In the present analysis, the investigators characterized HFE polymorphisms 845G>A and 187C>G and European mitochondrial haplogroups in A5005s participants who consented to genetic analysis.

Results

Among 96 participants (58% white, 90% men) with baseline and 48 or 64 week DEXA data, the overall median limb fat change was -8.8%.

The 23 patients who were HFE 187C/G heterozygotes had less limb fat loss than the 71 who were 187C/C homozygotes (+6.1% vs -12.5%; P = 0.02).

The heterozygotes were also less likely to develop lipoatrophy after adjusting for age, sex, race, and antiretroviral regimen (odds ratio 0.31; P = 0.04).

Among non-Hispanic white participants, the median limb fat change was +26.1% among 5 patients with mitochondrial haplogroup J, compared with -9.7% among 49 individuals with other mitochondrial haplogroups (P = 0.07).

Conclusion

In conclusion, the investigators wrote, "HFE 187C>G and, possibly, mitochondrial haplogroup J gave relative protection against lipoatrophy during antiretroviral therapy in A5005s."

In an accompanying editorial, Kenneth Lichtenstein of the National Jewish Medical and Research Center in Denver suggested that these findings might provide evidence that it is safe to offer implicated drugs to specific patients "who may be genetically protected from the development of lipoatrophy."

In that sense, a test for the HFE pattern linked to lipoatrophy might work like the HLA-B*5701 genetic test for susceptibility to abacavir hypersensitivity reactions, which enables patients who lack the associated genetic variation to safely try the drug.

Vanderbilt University School of Medicine, Nashville, TN; University of Pennsylvania, Philadelphia, PA; University of California at San Francisco, San Francisco, CA; Indiana University School of Medicine, Indianapolis, IN; Massachusetts General Hospital, Harvard University, Boston, MA.

5/02/08

References

T Hulgan, P Tebas, JA Canter, and others (AIDS Clinical Trials Group 384 and A5005s Study Teams).
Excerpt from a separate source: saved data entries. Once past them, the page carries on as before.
(* Let $A$ be a commutative ring. The assignment $\epsilon(a)\mapsto w_{21}(-1)x_{21}(a)$ ($a\in A$) induces a well-defined group isomorphism $\gamma:C(A)\to\mathrm{St}(2,A)/C(2,A)$. Furthermore, the restriction of $\gamma$ to $U(A)$ induces an isomorphism $U(A)\cong K_2(2,A)/C(2,A)$.
   Context: $C(A)$ is the group with generators $\epsilon(a)$, $a\in A$, and relations: with $h(u):=\epsilon(-u)\epsilon(-u^{-1})\epsilon(-u)$ for $u\in A^\times$, (1) $h(u)h(v)=h(uv)$; (2) $\epsilon(a)\epsilon(0)\epsilon(b)=h(-1)\epsilon(a+b)$; (3) $h(u)\epsilon(a)h(u)=\epsilon(u^2a)$. $U(A)$ is the kernel of the homomorphism $C(A)\to\mathrm{SL}_2(A)$, $\epsilon(a)\mapsto\begin{pmatrix}a&1\\-1&0\end{pmatrix}$. $\mathrm{St}(2,A)$ is the group generated by $x_{12}(t),x_{21}(t)$, $t\in A$, with relations $x_{ij}(s)x_{ij}(t)=x_{ij}(s+t)$ and $w_{ij}(u)x_{ij}(t)w_{ij}(-u)=x_{ji}(-u^{-2}t)$ ($u\in A^\times$), where $w_{ij}(u):=x_{ij}(u)x_{ji}(-u^{-1})x_{ij}(u)$. $\phi:\mathrm{St}(2,A)\to\mathrm{SL}_2(A)$ sends $x_{12}(t)\mapsto\begin{pmatrix}1&t\\0&1\end{pmatrix}$, $x_{21}(t)\mapsto\begin{pmatrix}1&0\\t&1\end{pmatrix}$, and $K_2(2,A)=\ker\phi$. With $h_{12}(u)=w_{12}(u)w_{12}(-1)$, the symbols $c(u,v)=h_{12}(u)h_{12}(v)h_{12}(uv)^{-1}$ ($u,v\in A^\times$) are central in $\mathrm{St}(2,A)$, and $C(2,A)$ is the subgroup they generate. *)

theory Defs
  imports "HOL-Algebra.Algebra"
begin

text \<open>Words in generators of type 'g: a letter (x, True) is x, (x, False) is x inverse.\<close>
type_synonym 'g word = "('g \<times> bool) list"

definition gen :: "'g \<Rightarrow> 'g word" where
  "gen x = [(x, True)]"

definition inv_word :: "'g word \<Rightarrow> 'g word" where
  "inv_word w = rev (map (\<lambda>(x, b). (x, \<not> b)) w)"

text \<open>The congruence on words generated by free cancellation and the relations R
  (each relation is a pair of words (l, r) meaning l = r).\<close>
inductive pres_eq :: "('g word \<times> 'g word) set \<Rightarrow> 'g word \<Rightarrow> 'g word \<Rightarrow> bool"
  for R where
  pe_refl: "pres_eq R w w"
| pe_sym: "pres_eq R u v \<Longrightarrow> pres_eq R v u"
| pe_trans: "pres_eq R u v \<Longrightarrow> pres_eq R v w \<Longrightarrow> pres_eq R u w"
| pe_cancel: "pres_eq R [(x, b), (x, \<not> b)] []"
| pe_rel: "(l, r) \<in> R \<Longrightarrow> pres_eq R l r"
| pe_cong: "pres_eq R u u' \<Longrightarrow> pres_eq R v v' \<Longrightarrow> pres_eq R (u @ v) (u' @ v')"

definition pres_class :: "('g word \<times> 'g word) set \<Rightarrow> 'g word \<Rightarrow> 'g word set" where
  "pres_class R w = {v. pres_eq R v w}"

definition pres_mult :: "('g word \<times> 'g word) set \<Rightarrow> 'g word set \<Rightarrow> 'g word set \<Rightarrow> 'g word set" where
  "pres_mult R P Q = pres_class R ((SOME u. u \<in> P) @ (SOME v. v \<in> Q))"

definition presented_group :: "('g word \<times> 'g word) set \<Rightarrow> ('g word set) monoid" where
  "presented_group R = \<lparr> carrier = range (pres_class R),
     Group.monoid.mult = pres_mult R,
     one = pres_class R [] \<rparr>"

definition eval_word :: "('b, 'c) monoid_scheme \<Rightarrow> ('g \<Rightarrow> 'b) \<Rightarrow> 'g word \<Rightarrow> 'b" where
  "eval_word G f w = foldr (\<lambda>(x, b) acc. Group.monoid.mult G (if b then f x else m_inv G (f x)) acc) w (Group.monoid.one G)"

definition pres_map :: "('b, 'c) monoid_scheme \<Rightarrow> ('g \<Rightarrow> 'b) \<Rightarrow> 'g word set \<Rightarrow> 'b" where
  "pres_map G f P = eval_word G f (SOME w. w \<in> P)"

text \<open>A 2x2 matrix (a b; c d) is represented as the tuple (a, b, c, d).\<close>
definition SL2 :: "('a::comm_ring_1 \<times> 'a \<times> 'a \<times> 'a) monoid" where
  "SL2 = \<lparr> carrier = {(a, b, c, d). a * d - b * c = 1},
     Group.monoid.mult = (\<lambda>(a, b, c, d) (e, f, g, h).
        (a * e + b * g, a * f + b * h, c * e + d * g, c * f + d * h)),
     one = (1, 0, 0, 1) \<rparr>"

definition rinv :: "'a::comm_ring_1 \<Rightarrow> 'a" where
  "rinv u = (SOME v. u * v = 1)"

definition h_word :: "'a::comm_ring_1 \<Rightarrow> 'a word" where
  "h_word u = gen (- u) @ gen (- rinv u) @ gen (- u)"

definition CA_rels :: "('a::comm_ring_1 word \<times> 'a word) set" where
  "CA_rels =
     {(h_word u @ h_word v, h_word (u * v)) | u v. u dvd 1 \<and> v dvd 1}
   \<union> {(gen a @ gen 0 @ gen b, h_word (- 1) @ gen (a + b)) | a b. True}
   \<union> {(h_word u @ gen a @ h_word u, gen (u ^ 2 * a)) | u a. u dvd 1}"

definition CA :: "('a::comm_ring_1 word set) monoid" where
  "CA = presented_group CA_rels"

definition eps_mat :: "'a::comm_ring_1 \<Rightarrow> 'a \<times> 'a \<times> 'a \<times> 'a" where
  "eps_mat a = (a, 1, - 1, 0)"

definition UA :: "('a::comm_ring_1 word set) set" where
  "UA = {P \<in> carrier CA. pres_map SL2 eps_mat P = \<one>\<^bsub>SL2\<^esub>}"

datatype 'a st_gen = X12 'a | X21 'a

text \<open>x i t: for i = True this is x_12(t), for i = False it is x_21(t);
  x (\<not> i) t is then x_ji(t).\<close>
fun xg :: "bool \<Rightarrow> 'a \<Rightarrow> 'a st_gen" where
  "xg True t = X12 t"
| "xg False t = X21 t"

definition w_word :: "bool \<Rightarrow> 'a::comm_ring_1 \<Rightarrow> 'a st_gen word" where
  "w_word i u = gen (xg i u) @ gen (xg (\<not> i) (- rinv u)) @ gen (xg i u)"

definition St_rels :: "('a::comm_ring_1 st_gen word \<times> 'a st_gen word) set" where
  "St_rels =
     {(gen (xg i s) @ gen (xg i t), gen (xg i (s + t))) | i s t. True}
   \<union> {(w_word i u @ gen (xg i t) @ w_word i (- u), gen (xg (\<not> i) (- (rinv u ^ 2 * t))))
        | i u t. u dvd 1}"

definition St :: "('a::comm_ring_1 st_gen word set) monoid" where
  "St = presented_group St_rels"

fun phi_gen :: "'a::comm_ring_1 st_gen \<Rightarrow> 'a \<times> 'a \<times> 'a \<times> 'a" where
  "phi_gen (X12 t) = (1, t, 0, 1)"
| "phi_gen (X21 t) = (1, 0, t, 1)"

definition K2 :: "('a::comm_ring_1 st_gen word set) set" where
  "K2 = {P \<in> carrier St. pres_map SL2 phi_gen P = \<one>\<^bsub>SL2\<^esub>}"

definition h12_word :: "'a::comm_ring_1 \<Rightarrow> 'a st_gen word" where
  "h12_word u = w_word True u @ w_word True (- 1)"

definition c_word :: "'a::comm_ring_1 \<Rightarrow> 'a \<Rightarrow> 'a st_gen word" where
  "c_word u v = h12_word u @ h12_word v @ inv_word (h12_word (u * v))"

definition C2 :: "('a::comm_ring_1 st_gen word set) set" where
  "C2 = generate St {pres_class St_rels (c_word u v) | u v. u dvd 1 \<and> v dvd 1}"

end

(* C(A) and St(2,A) are given by presentations, so homomorphisms out of them are
   assignments on generators respecting the relations. In any group, elements eps(a)
   satisfying the relations of C(A) give a Steinberg family x21(t) = eps(0)^-1 eps(t),
   x12(t) = eps(-t) eps(0)^-1 in which h12(u) = h(u), so all symbols c(u,v) vanish.
   Conversely, a Steinberg family with trivial symbols gives elements
   eps(a) = w21(-1) x21(a) satisfying the relations of C(A). The symbols are central in
   St(2,A), since h12(u) scales x12 by u^2 and x21 by u^-2; so C(2,A) is normal and the
   second construction applies to St(2,A)/C(2,A). The two resulting homomorphisms are
   mutually inverse on generators. Finally, St(2,A) -> C(A) followed by C(A) -> SL2(A) is
   phi, so the isomorphism matches U(A) with K2(2,A)/C(2,A). *)

theory Submission
  imports Defs
begin

section \<open>Words and presented groups\<close>

context group
begin

lemma l_inv_assoc: "x \<in> carrier G \<Longrightarrow> y \<in> carrier G \<Longrightarrow> inv x \<otimes> (x \<otimes> y) = y"
  by (simp add: m_assoc[symmetric])

lemma r_inv_assoc: "x \<in> carrier G \<Longrightarrow> y \<in> carrier G \<Longrightarrow> x \<otimes> (inv x \<otimes> y) = y"
  by (simp add: m_assoc[symmetric])

lemma mult_eq_swap_inv:
  assumes "x \<in> carrier G" "a \<in> carrier G" "b \<in> carrier G" and "x \<otimes> a = b \<otimes> x"
  shows "inv x \<otimes> b = a \<otimes> inv x"
proof -
  have "inv x \<otimes> b = inv x \<otimes> (b \<otimes> x \<otimes> inv x)" using assms by (simp add: m_assoc)
  also have "\<dots> = inv x \<otimes> (x \<otimes> a \<otimes> inv x)" by (simp only: assms(4))
  also have "\<dots> = a \<otimes> inv x" using assms(1-3) by (simp add: m_assoc[symmetric])
  finally show ?thesis .
qed

lemma generate_commute:
  assumes S: "S \<subseteq> carrier G" and comm: "\<And>s. s \<in> S \<Longrightarrow> s \<otimes> g = g \<otimes> s"
    and g: "g \<in> carrier G" and c: "c \<in> generate G S"
  shows "c \<otimes> g = g \<otimes> c"
  using c
proof (induction rule: generate.induct)
  case (inv s)
  then show ?case
    using mult_eq_swap_inv[of s g g] comm S g by auto
next
  case (eng c d)
  then have "c \<in> carrier G" "d \<in> carrier G"
    using generate_in_carrier[OF S] by auto
  with eng.IH g show ?case
    by (metis m_assoc)
qed (use g S comm in auto)

lemma eval_word_Nil [simp]: "eval_word G f [] = \<one>"
  by (simp add: eval_word_def)

lemma eval_word_Cons:
  "eval_word G f ((x, b) # w) = (if b then f x else inv (f x)) \<otimes> eval_word G f w"
  by (simp add: eval_word_def)

lemma eval_word_closed: "(\<And>x. f x \<in> carrier G) \<Longrightarrow> eval_word G f w \<in> carrier G"
  by (induction w) (auto simp: eval_word_def)

lemma eval_word_append:
  assumes "\<And>x. f x \<in> carrier G"
  shows "eval_word G f (u @ v) = eval_word G f u \<otimes> eval_word G f v"
proof (induction u)
  case Nil
  then show ?case by (simp add: eval_word_closed assms)
next
  case (Cons a u)
  then show ?case
    by (cases a) (simp add: eval_word_Cons m_assoc eval_word_closed assms)
qed

lemma eval_word_gen [simp]: "(\<And>x. f x \<in> carrier G) \<Longrightarrow> eval_word G f (gen x) = f x"
  by (simp add: gen_def eval_word_Cons)

lemma eval_word_inv_word:
  assumes "\<And>x. f x \<in> carrier G"
  shows "eval_word G f (inv_word w) = inv (eval_word G f w)"
proof (induction w)
  case Nil
  then show ?case by (simp add: inv_word_def)
next
  case (Cons a w)
  obtain x b where a: "a = (x, b)" by force
  have "inv_word (a # w) = inv_word w @ [(x, \<not> b)]" by (simp add: inv_word_def a)
  with Cons show ?case
    by (cases b) (simp_all add: a eval_word_append eval_word_Cons eval_word_closed inv_mult_group assms)
qed

lemma eval_word_pres_eq:
  assumes f: "\<And>x. f x \<in> carrier G"
    and R: "\<And>l r. (l, r) \<in> R \<Longrightarrow> eval_word G f l = eval_word G f r"
    and "pres_eq R u v"
  shows "eval_word G f u = eval_word G f v"
  using assms(3)
proof (induction rule: pres_eq.induct)
  case (pe_cancel x b)
  then show ?case using f by (simp add: eval_word_Cons)
next
  case (pe_rel l r)
  then show ?case by (rule R)
next
  case (pe_cong u u' v v')
  then show ?case by (simp add: eval_word_append f)
qed auto

lemma eval_word_commute:
  assumes a: "a \<in> carrier G" and f: "\<And>x. f x \<in> carrier G"
    and comm: "\<And>x. a \<otimes> f x = f x \<otimes> a"
  shows "a \<otimes> eval_word G f w = eval_word G f w \<otimes> a"
proof (induction w)
  case Nil
  then show ?case using a by simp
next
  case (Cons c w)
  obtain x b where c: "c = (x, b)" by force
  have "a \<otimes> inv (f x) = inv (f x) \<otimes> a"
    using mult_eq_swap_inv[of "f x" a a] comm a f by simp
  then have gen_comm: "a \<otimes> (if b then f x else inv (f x)) = (if b then f x else inv (f x)) \<otimes> a"
    using comm by simp
  have "a \<otimes> ((if b then f x else inv (f x)) \<otimes> eval_word G f w)
      = (if b then f x else inv (f x)) \<otimes> (a \<otimes> eval_word G f w)"
    using gen_comm a f by (simp add: m_assoc[symmetric] eval_word_closed)
  also have "\<dots> = ((if b then f x else inv (f x)) \<otimes> eval_word G f w) \<otimes> a"
    using Cons a f by (simp add: m_assoc eval_word_closed)
  finally show ?case by (simp add: c eval_word_Cons)
qed

end

lemma (in group_hom) hom_eval_word:
  assumes "\<And>x. f x \<in> carrier G"
  shows "h (eval_word G f w) = eval_word H (\<lambda>x. h (f x)) w"
  by (induction w) (auto simp: eval_word_def assms G.eval_word_closed[unfolded eval_word_def])

lemma pres_class_eq_iff: "pres_class R u = pres_class R v \<longleftrightarrow> pres_eq R u v"
proof
  assume "pres_class R u = pres_class R v"
  then have "u \<in> pres_class R v" unfolding pres_class_def using pe_refl by blast
  then show "pres_eq R u v" unfolding pres_class_def by simp
next
  assume uv: "pres_eq R u v"
  show "pres_class R u = pres_class R v"
    unfolding pres_class_def using pe_trans[OF _ uv] pe_trans[OF _ pe_sym[OF uv]] by blast
qed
Hemochromatosis Gene Polymorphisms, Mitochondrial Haplogroups, and Peripheral Lipoatrophy during Antiretroviral Therapy. Journal of Infectious Diseases 197(6): 858-866. March 15, 2008.

KA Lichtenstein. Human Immunodeficiency Virus-Associated Lipoatrophy: Letting the Genome Out of the Bottle. Journal of Infectious Diseases 197(6): 784-786. March 15, 2008.